I am dead to the world’s tumult,
And I rest in a quiet realm!
I live alone in my heaven,
In my love and in my song!
These are the final lines of “Ich bin der Welt abhanden gekommen” (“I Am Lost to the World”), a poem by Friedrich Rückert (1788-1866) which Gustav Mahler set as the fourth song of his Rückert Lieder in the summer of 1901. Mahler was personally drawn to the poem, which speaks of the solitary world of the artist- a mysterious, transcendent place which redefines the true nature of fantasy and reality.

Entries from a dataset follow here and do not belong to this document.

(* Let $X,Y\in L^\infty$ and $k,b\in\mathbb{K}$. Then (a) $\mathbb{E}[kX+b]=k\,\mathbb{E}[X]+b$; (b) $\mathbb{E}[X+Y]\subseteq \mathbb{E}[X]+\mathbb{E}[Y]=\{a+c: a\in\mathbb{E}[X],\,c\in\mathbb{E}[Y]\}$, with equality when $X$ and $Y$ are independent; (c) if $X$ and $Y$ are independent, then $\mathbb{E}[XY]=\mathbb{E}[X]\,\mathbb{E}[Y]=\{ac: a\in\mathbb{E}[X],\,c\in\mathbb{E}[Y]\}$.
   Context: $\mathbb{K}$ is a local field with non-archimedean absolute value $|\cdot|$ satisfying $|x|=0 \iff x=0$, $|xy|=|x||y|$ and $|x+y|\le |x|\vee|y|$. $(\Omega,\mathcal{F},\mathbb{P})$ is a probability space; random variables equal a.s. are identified. $L^\infty$ is the space of $\mathbb{K}$-valued random variables $X$ with $\|X\|_\infty:=\operatorname{ess\,sup}|X|<\infty$. For $X\in L^\infty$, $\varepsilon(X):=\inf\{\|X-c\|_\infty : c\in\mathbb{K}\}$ and $\mathbb{E}[X]:=\{c\in\mathbb{K} : \|X-c\|_\infty=\varepsilon(X)\}$. *)

theory Defs
  imports "HOL-Probability.Probability"
begin

definition nonarch_abs :: "('k::field \<Rightarrow> real) \<Rightarrow> bool" where
  "nonarch_abs av \<longleftrightarrow>
     (\<forall>x. 0 \<le> av x) \<and> (\<forall>x. av x = 0 \<longleftrightarrow> x = 0) \<and>
     (\<forall>x y. av (x * y) = av x * av y) \<and>
     (\<forall>x y. av (x + y) \<le> max (av x) (av y))"

text \<open>Non-archimedean local field: the metric d(x,y) = av(x - y) is non-discrete
  (av non-trivial), complete, and the closed unit ball is totally bounded
  (hence compact, so the field is locally compact).\<close>
definition nonarch_local_field :: "('k::field \<Rightarrow> real) \<Rightarrow> bool" where
  "nonarch_local_field av \<longleftrightarrow>
     nonarch_abs av \<and>
     (\<exists>x. av x \<noteq> 0 \<and> av x \<noteq> 1) \<and>
     (\<forall>s::nat \<Rightarrow> 'k. (\<forall>e>0. \<exists>N. \<forall>m\<ge>N. \<forall>n\<ge>N. av (s m - s n) < e) \<longrightarrow>
        (\<exists>l. \<forall>e>0. \<exists>N. \<forall>n\<ge>N. av (s n - l) < e)) \<and>
     (\<forall>e>0. \<exists>F. finite F \<and> {x. av x \<le> 1} \<subseteq> (\<Union>c\<in>F. {x. av (x - c) < e}))"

As with Mahler’s other songs, in “Ich bin der Welt abhanden gekommen” the human voice enters into a sublime dialogue with the voices of the orchestra. The song opens with the plaintive, pastoral sounds of the English horn. The opening bars seem to develop out of silence, as if gradually awakening and coming into focus…two tentative notes, then three, and finally a full, expansive phrase. In this passage, the lower strings engage in a canonic conversation with the vocal line. Later, we hear the lonely, wandering, nocturnal strands of the solo horn and the shimmering solo violin, voices which emerge throughout Mahler’s symphonies.

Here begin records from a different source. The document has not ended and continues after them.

(* Let $\mathcal N$ be a network and $T\ge1$. A nonnegative vector $R\in[0,\infty)^{\mathcal L}$ belongs to $\mathcal R^{(\mathcal M_T,\mathcal E_T)}$ if and only if there exists $R'\in\mathrm{conv}\{R_C: C\in\mathrm{cycle}^*(\mathcal M_T,\mathcal E_T)\}$ with $R\preccurlyeq R'$.
   Context: A network is a triple $\mathcal N=(\mathcal L,\mathcal I,D_{\mathcal L})$ where $\mathcal L$ is a finite nonempty set of links, each $\mathcal I(l)$ is a collection of nonempty subsets of $\mathcal L$, and $D_{\mathcal L}$ assigns an integer $D_{\mathcal L}(l,l')$ to every pair with $l'\in\phi$ for some $\phi\in\mathcal I(l)$. A schedule is a map $S:\mathcal L\times\mathbb Z\to\{0,1\}$; $S(l,t)$ has a collision if there is $\phi\in\mathcal I(l)$ with $S(l',t+D_{\mathcal L}(l,l'))=1$ for all $l'\in\phi$; $S$ is collision free if no $(l,t)$ with $S(l,t)=1$ has a collision. $S[T,k]$ is the $|\mathcal L|\times T$ binary matrix with $S[T,k](l,j)=S(l,kT+j)$. The scheduling graph $(\mathcal M_T,\mathcal E_T)$ has vertex set $\mathcal M_T$ = all $|\mathcal L|\times T$ binary matrices $A$ with $A=S[T,0]$ for some collision-free $S$, and edge set $\mathcal E_T$ = all pairs $(A,B)$ with $A=S[T,0]$, $B=S[T,1]$ for some collision-free $S$. A cycle is a sequence $(A_0,\dots,A_k)$, $k\ge1$, with $(A_i,A_{i+1})\in\mathcal E_T$, $A_k=A_0$, and $A_0,\dots,A_{k-1}$ pairwise distinct; its rate vector is $R_C=\frac{1}{kT}\sum_{i=0}^{k-1}A_i\mathbf 1$ ($\mathbf 1$ the all-ones vector of length $T$). $\mathcal R^{(\mathcal M_T,\mathcal E_T)}$ is the convex hull of the rate vectors of all cycles. For two sequences of matrices of the same length, $(A_0,\dots,A_k)\succcurlyeq(B_0,\dots,B_k)$ means $A_i\succcurlyeq B_i$ entrywise for all $i$. $\mathrm{cycle}^*(\mathcal M_T,\mathcal E_T)$ (the maximal cycles) is the set of cycles $C$ such that there is no cycle $C'\neq C$ of the same length with $C'\succcurlyeq C$. The relation $R\preccurlyeq R'$ on vectors is entrywise. *)

theory Defs
  imports "HOL-Analysis.Analysis"
begin

text \<open>Links are the elements of a finite type 'l (so the link set is UNIV, finite and nonempty).
  A network is given by the interference map I :: 'l => 'l set set and the delay map
  D :: 'l => 'l => int.  A schedule is S :: 'l => int => bool (True = 1).
  An |L| x T binary matrix is represented as 'l => nat => bool, with all columns j >= T
  set to False (canonical representation).\<close>

type_synonym 'l sched = "'l \<Rightarrow> int \<Rightarrow> bool"
type_synonym 'l bmat = "'l \<Rightarrow> nat \<Rightarrow> bool"

definition has_collision :: "('l \<Rightarrow> 'l set set) \<Rightarrow> ('l \<Rightarrow> 'l \<Rightarrow> int) \<Rightarrow> 'l sched \<Rightarrow> 'l \<Rightarrow> int \<Rightarrow> bool" where
  "has_collision I D S l t \<longleftrightarrow> (\<exists>\<phi>\<in>I l. \<forall>l'\<in>\<phi>. S l' (t + D l l'))"

definition collision_free :: "('l \<Rightarrow> 'l set set) \<Rightarrow> ('l \<Rightarrow> 'l \<Rightarrow> int) \<Rightarrow> 'l sched \<Rightarrow> bool" where
  "collision_free I D S \<longleftrightarrow> (\<forall>l t. S l t \<longrightarrow> \<not> has_collision I D S l t)"

definition block :: "nat \<Rightarrow> int \<Rightarrow> 'l sched \<Rightarrow> 'l bmat" where
  "block T k S = (\<lambda>l j. j < T \<and> S l (k * int T + int j))"

definition sched_vertices :: "('l \<Rightarrow> 'l set set) \<Rightarrow> ('l \<Rightarrow> 'l \<Rightarrow> int) \<Rightarrow> nat \<Rightarrow> 'l bmat set" where
  "sched_vertices I D T = {block T 0 S | S. collision_free I D S}"

definition sched_edges :: "('l \<Rightarrow> 'l set set) \<Rightarrow> ('l \<Rightarrow> 'l \<Rightarrow> int) \<Rightarrow> nat \<Rightarrow> ('l bmat \<times> 'l bmat) set" where
  "sched_edges I D T = {(block T 0 S, block T 1 S) | S. collision_free I D S}"

text \<open>A cycle (A_0,...,A_k), k >= 1, is the list [A_0,...,A_k].\<close>
definition is_cycle :: "('l \<Rightarrow> 'l set set) \<Rightarrow> ('l \<Rightarrow> 'l \<Rightarrow> int) \<Rightarrow> nat \<Rightarrow> 'l bmat list \<Rightarrow> bool" where
  "is_cycle I D T C \<longleftrightarrow> length C \<ge> 2
     \<and> (\<forall>i. i + 1 < length C \<longrightarrow> (C ! i, C ! (i + 1)) \<in> sched_edges I D T)
     \<and> last C = hd C \<and> distinct (butlast C)"

definition cycle_rate :: "nat \<Rightarrow> 'l bmat list \<Rightarrow> real ^ 'l::finite" where
  "cycle_rate T C = (\<chi> l. (1 / (real (length C - 1) * real T)) *
      (\<Sum>i<length C - 1. \<Sum>j<T. if (C ! i) l j then 1 else 0))"

definition rate_region :: "('l::finite \<Rightarrow> 'l set set) \<Rightarrow> ('l \<Rightarrow> 'l \<Rightarrow> int) \<Rightarrow> nat \<Rightarrow> (real ^ 'l) set" where
  "rate_region I D T = convex hull {cycle_rate T C | C. is_cycle I D T C}"

definition seq_geq :: "'l bmat list \<Rightarrow> 'l bmat list \<Rightarrow> bool" where
  "seq_geq C' C \<longleftrightarrow> length C' = length C \<and>
     (\<forall>i < length C. \<forall>l j. (C ! i) l j \<longrightarrow> (C' ! i) l j)"

definition max_cycles :: "('l \<Rightarrow> 'l set set) \<Rightarrow> ('l \<Rightarrow> 'l \<Rightarrow> int) \<Rightarrow> nat \<Rightarrow> 'l bmat list set" where
  "max_cycles I D T = {C. is_cycle I D T C \<and>
     \<not> (\<exists>C'. is_cycle I D T C' \<and> C' \<noteq> C \<and> length C' = length C \<and> seq_geq C' C)}"

end

theory Submission
  imports Defs
begin

text \<open>A closed walk in the scheduling graph that visits some vertex twice splits into two shorter
  closed walks, and its rate is the length-weighted average of their rates; so the rate region is
  the convex hull of the rates of all closed walks. Silencing a link keeps a schedule collision
  free, so silencing it along a closed walk shows that the rate region is closed under zeroing a
  coordinate; being convex, it is then closed downward within the nonnegative orthant. Conversely,
  every cycle is dominated entrywise by a maximal cycle of the same length (a dominating cycle with
  the largest number of ones), and domination increases rates.\<close>

definition closed_walk :: "('a \<times> 'a) set \<Rightarrow> 'a list \<Rightarrow> bool" where
  "closed_walk E xs \<longleftrightarrow> xs \<noteq> [] \<and> successively (\<lambda>a b. (a, b) \<in> E) (xs @ [hd xs])"

definition list_mean :: "('a \<Rightarrow> 'v::real_vector) \<Rightarrow> 'a list \<Rightarrow> 'v" where
  "list_mean f xs = (1 / real (length xs)) *\<^sub>R sum_list (map f xs)"

lemma list_mean_mset_union:
  assumes "mset xs = mset ys + mset zs" and "ys \<noteq> []" and "zs \<noteq> []"
  shows "list_mean f xs = (real (length ys) / real (length xs)) *\<^sub>R list_mean f ys
                        + (real (length zs) / real (length xs)) *\<^sub>R list_mean f zs"
proof -
  have len: "length xs = length ys + length zs"
    using arg_cong[OF assms(1), of size] by simp
  have "sum_list (map f xs) = sum_list (map f ys) + sum_list (map f zs)"
    by (metis assms(1) image_mset_union mset_map sum_mset.union sum_mset_sum_list)
  then show ?thesis
    using assms(2,3) by (simp add: list_mean_def len scaleR_add_right)
qed

lemma closed_walk_split:
  assumes "closed_walk E (a @ [x] @ b @ [x] @ c)"
  shows "closed_walk E (x # b)" and "closed_walk E (a @ x # c)"
proof -
  let ?R = "\<lambda>u v. (u, v) \<in> E"
  have "hd (a @ [x] @ b @ [x] @ c) = hd (a @ [x])"
    by (cases a) simp_all
  then have walk: "successively ?R (a @ [x] @ b @ [x] @ c @ [hd (a @ [x])])"
    using assms by (simp add: closed_walk_def)
  then have "successively ?R (a @ (x # b @ [x]) @ c @ [hd (a @ [x])])"
    by simp
  then have "successively ?R (x # b @ [x])"
    by (simp only: successively_append_iff)
  then show "closed_walk E (x # b)"
    by (simp add: closed_walk_def)
  have "successively ?R ((a @ [x]) @ b @ [x] @ c @ [hd (a @ [x])])"
    and "successively ?R ((a @ x # b) @ x # c @ [hd (a @ [x])])"
    using walk by simp_all
  then have "successively ?R (a @ [x])" and "successively ?R (x # c @ [hd (a @ [x])])"
    by (simp_all only: successively_append_iff)
  then have "successively ?R (a @ x # c @ [hd (a @ [x])])"
    by (auto simp: successively_append_iff)
  then show "closed_walk E (a @ x # c)"
    by (cases a) (simp_all add: closed_walk_def)
qed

Here is Dame Janet Baker’s legendary 1967 recording with Sir John Barbirolli and the New Philharmonia Orchestra:
You may have noticed some interesting similarities between “Ich bin der Welt abhanden gekommen” and the famous, celestial Adagietto fourth movement of Mahler’s Fifth Symphony. (For example, compare this passage, which comes in the opening and closing bars of the song, with the climax of the Adagietto). The Fifth Symphony was written during the same period of time in the summers of 1901 and 1902 at Mahler’s secluded composing hut (pictured above) at Maiernigg on the shores of the Wörthersee in southern Austria. In this case, the song seems to have provided a seed for the symphony.
Poised somewhere between tension and repose, “Ich bin der Welt abhanden gekommen” is filled with moments which melt away into dreamy harmonic ambiguity. In this excerpt from the fourth lecture of his 1972 series, The Unanswered Question, Leonard Bernstein outlines something similar in the Adagietto.

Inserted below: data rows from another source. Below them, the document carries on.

theorem theorem2:
  fixes A1 :: "'s::finite \<Rightarrow> 'a set" and A2 :: "'s \<Rightarrow> 'b set"
    and p :: "'s \<Rightarrow> 'a \<Rightarrow> 'b \<Rightarrow> 's \<Rightarrow> real"
    and r1 r2 :: "'s \<Rightarrow> 'a \<Rightarrow> 'b \<Rightarrow> real"
    and f :: "'s \<Rightarrow> 'a \<Rightarrow> real" and g :: "'s \<Rightarrow> 'b \<Rightarrow> real"
    and \<beta>h :: real
    and as1 :: "'s \<Rightarrow> 'a" and as2 :: "'s \<Rightarrow> 'b"
    and q :: "'s \<Rightarrow> real"
  assumes game: "stoch_game A1 A2 p"
    and f_stat: "stationary A1 f" and g_stat: "stationary A2 g"
    and beta: "0 \<le> \<beta>h" "\<beta>h < 1"
    and nash: "disc_nash \<beta>h A1 A2 p r1 r2 f g"
    and C1: "\<forall>s. as1 s \<in> A1 s \<and> as2 s \<in> A2 s \<and> f s (as1 s) = 1 \<and> g s (as2 s) = 1"
    and C2: "\<forall>s. 0 \<le> q s" "(\<Sum>s\<in>UNIV. q s) = 1"
      "\<forall>s s'. trans_mat A1 A2 p f g $ s $ s' = q s'"
    and C3a: "\<forall>s. \<forall>a1\<in>A1 s.
        (\<Sum>s'\<in>UNIV. p s a1 (as2 s) s' * r1 s' (as1 s') (as2 s'))
          \<le> (\<Sum>s'\<in>UNIV. q s' * r1 s' (as1 s') (as2 s'))"
    and C3b: "\<forall>s. \<forall>a2\<in>A2 s.
        (\<Sum>s'\<in>UNIV. p s (as1 s) a2 s' * r2 s' (as1 s') (as2 s'))
          \<le> (\<Sum>s'\<in>UNIV. q s' * r2 s' (as1 s') (as2 s'))"
  shows "blackwell_nash A1 A2 p r1 r2 f g"
proof -
  have fin1: "finite (A1 t)" and fin2: "finite (A2 t)" for t
    using game by (auto simp: stoch_game_def)
  have f: "pure_strategy A1 f as1" and g: "pure_strategy A2 g as2"
    using f_stat g_stat C1 by (auto simp: pure_strategy_def)
  interpret P1: finite_mdp A1 "\<lambda>t a. p t a (as2 t)"
    using game C1 by unfold_locales (auto simp: stoch_game_def)
  interpret P2: finite_mdp A2 "\<lambda>t b. p t (as1 t) b"
    using game C1 by unfold_locales (auto simp: stoch_game_def)
  have rows: "p t (as1 t) (as2 t) s' = q s'" for t s'
    using C2(3) pure_strategy_sum[OF fin1 f]
    by (simp add: trans_mat_rew_vec_pure_right(1)[OF fin2 g] policy_trans_def)
  have opt1: "disc_payoff \<beta> A1 A2 p r1 f' g $ s \<le> disc_payoff \<beta> A1 A2 p r1 f g $ s"
    if "\<beta>h \<le> \<beta>" "\<beta> < 1" "stationary A1 f'" for \<beta> f' s
    unfolding disc_payoff_pure_right[OF fin2 g]
    using nash C3a
    by (intro P1.pure_policy_optimal_for_larger_discount[OF f rows beta(1) _ _ that])
      (auto simp: disc_nash_def disc_payoff_pure_right[OF fin2 g])
  have opt2: "disc_payoff \<beta> A1 A2 p r2 f g' $ s \<le> disc_payoff \<beta> A1 A2 p r2 f g $ s"
    if "\<beta>h \<le> \<beta>" "\<beta> < 1" "stationary A2 g'" for \<beta> g' s
    unfolding disc_payoff_pure_left[OF fin1 f]
    using nash C3b
    by (intro P2.pure_policy_optimal_for_larger_discount[OF g rows beta(1) _ _ that])
      (auto simp: disc_nash_def disc_payoff_pure_left[OF fin1 f])
  have "disc_nash \<beta> A1 A2 p r1 r2 f g" if "\<beta>h \<le> \<beta>" "\<beta> < 1" for \<beta>
    unfolding disc_nash_def using opt1 opt2 that by blast
  with beta show ?thesis
    unfolding blackwell_nash_def by (intro bexI[of _ \<beta>h]) auto
qed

In Wednesday’s post, we’ll explore Mahler’s Fifth Symphony in its entirety. For now, here is the Adagietto performed by Herbert von Karajan and the Berlin Philharmonic:
https://youtu.be/mnkVUqvjIxQ
I read your informative notes on Mahler’s #5, and wonder if you were aware of the new recording of Otto Ringer’s transcription of this work for Piano four-hands. the Trenkner and Speidel duo have just released it on MDG Gold, and it is quite impressive. As a Mahler zealot, I’ve collected examples of practically everything Mahler ever composed (specifically, current recordings, not necessarily multiples). I’m still hoping that someone will release piano versions of #4 and #9 to complete the set.
Thank you for bringing this to our attention, Manuel. This is interesting, because as far as I know this is the first symphony for which Mahler did not make a piano score.